David leaps to my rescue. “Katherine's a writer.”

“What kind?”

I try to recover. So like David to make me sound more interesting than I am. “Sorry, um, freelance, mostly art criticism.”

“That's cool.” Margot has joined the conversation. Apparently she's not just beautiful but is a team player. “Have you seen . . .”

She mentions a forthcoming exhibition of miniature portraiture at the Whitney. I've heard about it, but it hasn't opened to the public yet.

“Actually, I didn't know that was open yet.”

“Oh yeah, I think it might have been a private showing.” She wrinkles her perfect nose apologetically. “My bad.”

Bitch.

“Margot's also a writer.” This is from Sael, dreamer of bad dreams, teller of tales. He glances at me for a moment with what appears to be a kind of pity before returning to beam at Margot, who lowers her lashes and dimples.

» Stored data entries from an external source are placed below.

lemma disc_D_Re:
  assumes "w \<in> disc_D" shows "0 \<le> Re w" "Re w \<le> 1"
proof -
  have "cmod (w - 1/2) \<le> 1/2" using assms by (simp add: disc_D_def dist_norm norm_minus_commute)
  moreover have "\<bar>Re (w - 1/2)\<bar> \<le> cmod (w - 1/2)" by (rule abs_Re_le_cmod)
  ultimately show "0 \<le> Re w" "Re w \<le> 1" by auto
qed

lemma disc_D_diameter:
  assumes "w1 \<in> disc_D" "w2 \<in> disc_D" shows "cmod (w1 - w2) \<le> 1"
  using assms norm_triangle_ineq4[of "w1 - 1/2" "w2 - 1/2"]
  by (simp add: disc_D_def dist_norm norm_minus_commute)

lemma norm_add_ge_1:
  assumes "0 \<le> Re w" "1 \<le> Re b" shows "1 \<le> cmod (w + b)"
  using assms complex_Re_le_cmod[of "w + b"] by simp

lemma theta_in_disc_D:
  assumes "0 \<le> Re w" "1 \<le> Re b" shows "theta b w \<in> disc_D"
proof -
  define u where "u = w + b"
  have Re_u: "1 \<le> Re u" using assms by (simp add: u_def)
  then have u: "0 < cmod u" by auto
  have "(cmod (2 - u))^2 = (2 - Re u)^2 + (Im u)^2" "(cmod u)^2 = (Re u)^2 + (Im u)^2"
    by (simp_all add: cmod_power2)
  then have "(cmod (2 - u))^2 \<le> (cmod u)^2"
    using Re_u by (simp add: power2_eq_square algebra_simps)
  then have "cmod (2 - u) \<le> cmod u"
    using norm_ge_zero power2_le_imp_le by blast
  moreover have "1/u - 1/2 = (2 - u) / (2*u)" using u by (auto simp add: field_simps)
  ultimately have "cmod (1/u - 1/2) \<le> 1/2"
    using u by (simp add: norm_divide norm_mult divide_le_eq)
  then show ?thesis
    by (simp add: disc_D_def theta_def u_def dist_norm norm_minus_commute)
qed

lemma norm_theta_diff:
  assumes "0 \<le> Re w1" "0 \<le> Re w2" "1 \<le> Re b"
  shows "cmod (theta b w1 - theta b w2) = cmod (w1 - w2) / (cmod (w1 + b) * cmod (w2 + b))"
proof -
  have "w1 + b \<noteq> 0" "w2 + b \<noteq> 0" using norm_add_ge_1 assms by fastforce+
  then have "theta b w1 - theta b w2 = (w2 - w1) / ((w1 + b) * (w2 + b))"
    by (simp add: theta_def field_simps)
  then show ?thesis by (simp add: norm_divide norm_mult norm_minus_commute)
qed

text \<open>A single map \<open>theta b\<close> need not contract the right half-plane, but two of them contract
  it by the factor \<open>1/4\<close>: the product of the two derivative moduli is at least 2.\<close>

lemma norm_add_theta_mult_ge_2:
  assumes "0 \<le> Re w" "1 \<le> Re b" "1 \<le> Re b'"
  shows "2 \<le> cmod (w + b) * cmod (theta b w + b')"
proof -
  define c where "c = cmod (w + b)"
  have Re_c: "1 \<le> Re (w + b)" using assms by simp
  then have c: "1 \<le> c" using complex_Re_le_cmod[of "w + b"] by (simp add: c_def)
  have "1 / c^2 \<le> Re (w + b) / c^2" using Re_c by (simp add: divide_right_mono)
  also have "\<dots> = Re (theta b w)" by (simp add: theta_def Re_divide cmod_power2 c_def)
  finally have "1 / c^2 + 1 \<le> cmod (theta b w + b')"
    using complex_Re_le_cmod[of "theta b w + b'"] assms(3) by simp
  moreover have "2 \<le> c * (1 / c^2 + 1)"
  proof -
    have "2 * c \<le> c^2 + 1" using zero_le_power2[of "c - 1"] by (simp add: power2_eq_square algebra_simps)
    moreover have "c * (1 / c^2 + 1) = (c^2 + 1) / c" using c by (simp add: field_simps power2_eq_square)
    ultimately show ?thesis using c by (simp add: le_divide_eq)
  qed
  ultimately show ?thesis
    using mult_left_mono[of "1 / c^2 + 1" "cmod (theta b w + b')" c] c by (simp add: c_def)
qed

Please let me sleep here, just for tonight.

“What do you write?”

“Oh, nothing much—”

“Oh right, she's only a staff writer at the
New Yorker
.” Sael is a real praise-singer. Margot is modest.

“Nice,” I say.

“That must be amazing!” This is from the pretty blonde, like an all-American cheerleader. And she means it; she isn't jealous.

“It has its moments.” Clearly meaning,
It's the most incredible job in the world.

“Weren't you telling me how you interviewed Laurence Underhouse?” Sael prompts her.

“He's famous for his nudes, isn't he?”

“I didn't know he was still alive,” says another girl, a brunette, Rebecca or something.

“Well, something's up and kicking because he wanted to paint Margot's picture.” Sael is still on the bemused boyfriend kick.

There are exclamations round the table.

“What!”

“Really?”

“Well”—Margot is leaning forward conspiratorially—“I shouldn't tell this story, it's terrible—”

So of course everyone begs her to do so, and of course she does, and it's hysterical and witty and involves waxed vaginas as a punch line.

There is a steel vise around my forehead. “Excuse me,” I mutter to David.

“Everything all right?”

“Bathroom break, back in a moment,” I reply as the vise grip tightens.

The bathroom is right off the foyer. It's huge and cream and lined with art deco tiles in seashell colors and it smells faintly of vanilla and other expensive scents, the way bathrooms in these
kinds of places do, and I'm in the stall with my burning face in my hands and the tears come.